+++ INFORMATION SUPPLIED +++
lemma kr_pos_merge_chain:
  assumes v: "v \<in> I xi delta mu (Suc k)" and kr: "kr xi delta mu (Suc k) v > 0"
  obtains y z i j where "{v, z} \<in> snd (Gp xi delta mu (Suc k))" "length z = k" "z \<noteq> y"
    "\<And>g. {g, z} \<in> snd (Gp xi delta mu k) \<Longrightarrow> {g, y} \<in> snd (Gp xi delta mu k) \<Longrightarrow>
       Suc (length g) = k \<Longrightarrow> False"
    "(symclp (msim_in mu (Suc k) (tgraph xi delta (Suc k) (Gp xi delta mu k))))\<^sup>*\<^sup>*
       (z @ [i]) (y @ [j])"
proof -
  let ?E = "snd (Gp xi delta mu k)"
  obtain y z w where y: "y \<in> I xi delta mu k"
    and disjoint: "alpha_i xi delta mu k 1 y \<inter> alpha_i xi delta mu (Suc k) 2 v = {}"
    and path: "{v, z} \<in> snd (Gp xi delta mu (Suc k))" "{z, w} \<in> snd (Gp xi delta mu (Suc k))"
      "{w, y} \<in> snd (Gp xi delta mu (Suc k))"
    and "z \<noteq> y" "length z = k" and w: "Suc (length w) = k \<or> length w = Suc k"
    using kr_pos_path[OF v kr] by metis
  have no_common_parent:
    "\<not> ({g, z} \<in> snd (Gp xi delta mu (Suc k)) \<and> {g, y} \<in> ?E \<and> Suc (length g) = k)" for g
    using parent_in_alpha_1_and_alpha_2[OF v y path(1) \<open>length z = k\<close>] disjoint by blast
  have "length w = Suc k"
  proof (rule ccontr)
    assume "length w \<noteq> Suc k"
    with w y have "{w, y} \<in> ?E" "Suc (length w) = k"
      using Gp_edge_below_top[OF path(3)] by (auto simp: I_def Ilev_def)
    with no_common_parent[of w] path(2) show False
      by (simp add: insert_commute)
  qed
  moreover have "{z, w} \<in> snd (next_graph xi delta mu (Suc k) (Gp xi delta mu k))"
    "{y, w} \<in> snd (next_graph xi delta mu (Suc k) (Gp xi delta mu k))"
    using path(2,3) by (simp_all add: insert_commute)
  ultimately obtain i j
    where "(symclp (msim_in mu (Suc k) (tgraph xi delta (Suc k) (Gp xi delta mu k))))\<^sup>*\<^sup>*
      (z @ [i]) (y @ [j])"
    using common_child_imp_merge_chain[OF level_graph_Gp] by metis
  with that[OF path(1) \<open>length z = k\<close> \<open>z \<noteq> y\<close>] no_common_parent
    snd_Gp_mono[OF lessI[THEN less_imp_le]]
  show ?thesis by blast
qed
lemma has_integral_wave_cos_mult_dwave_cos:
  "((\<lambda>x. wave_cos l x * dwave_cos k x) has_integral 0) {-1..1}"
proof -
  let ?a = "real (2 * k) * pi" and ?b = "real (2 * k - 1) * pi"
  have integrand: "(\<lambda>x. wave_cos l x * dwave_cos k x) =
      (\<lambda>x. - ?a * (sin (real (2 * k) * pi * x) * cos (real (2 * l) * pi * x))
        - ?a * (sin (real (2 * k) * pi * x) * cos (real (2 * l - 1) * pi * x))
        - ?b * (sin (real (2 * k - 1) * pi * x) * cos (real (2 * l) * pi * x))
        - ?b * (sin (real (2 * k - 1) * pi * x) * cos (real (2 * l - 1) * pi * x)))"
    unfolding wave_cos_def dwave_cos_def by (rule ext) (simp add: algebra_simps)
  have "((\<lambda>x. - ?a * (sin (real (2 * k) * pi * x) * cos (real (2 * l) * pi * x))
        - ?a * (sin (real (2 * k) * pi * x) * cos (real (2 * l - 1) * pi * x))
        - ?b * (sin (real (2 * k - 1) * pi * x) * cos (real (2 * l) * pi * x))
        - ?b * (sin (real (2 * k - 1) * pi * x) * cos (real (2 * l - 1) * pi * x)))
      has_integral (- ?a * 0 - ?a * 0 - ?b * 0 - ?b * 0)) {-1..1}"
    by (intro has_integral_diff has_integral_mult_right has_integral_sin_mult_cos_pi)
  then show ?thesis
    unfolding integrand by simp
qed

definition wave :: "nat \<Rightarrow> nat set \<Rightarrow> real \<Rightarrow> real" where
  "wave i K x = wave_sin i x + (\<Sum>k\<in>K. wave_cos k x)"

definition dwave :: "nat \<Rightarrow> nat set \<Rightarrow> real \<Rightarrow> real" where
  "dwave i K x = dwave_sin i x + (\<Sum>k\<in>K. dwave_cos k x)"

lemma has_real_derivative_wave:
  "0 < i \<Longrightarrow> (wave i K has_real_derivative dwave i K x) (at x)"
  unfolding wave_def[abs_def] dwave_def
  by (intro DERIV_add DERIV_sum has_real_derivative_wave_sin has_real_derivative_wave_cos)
+++
Find every line above where the word "intro" occurs, and copy that line.

# RESULT OF THIS TASK
    by (intro has_integral_diff has_integral_mult_right has_integral_sin_mult_cos_pi)
  by (intro DERIV_add DERIV_sum has_real_derivative_wave_sin has_real_derivative_wave_cos)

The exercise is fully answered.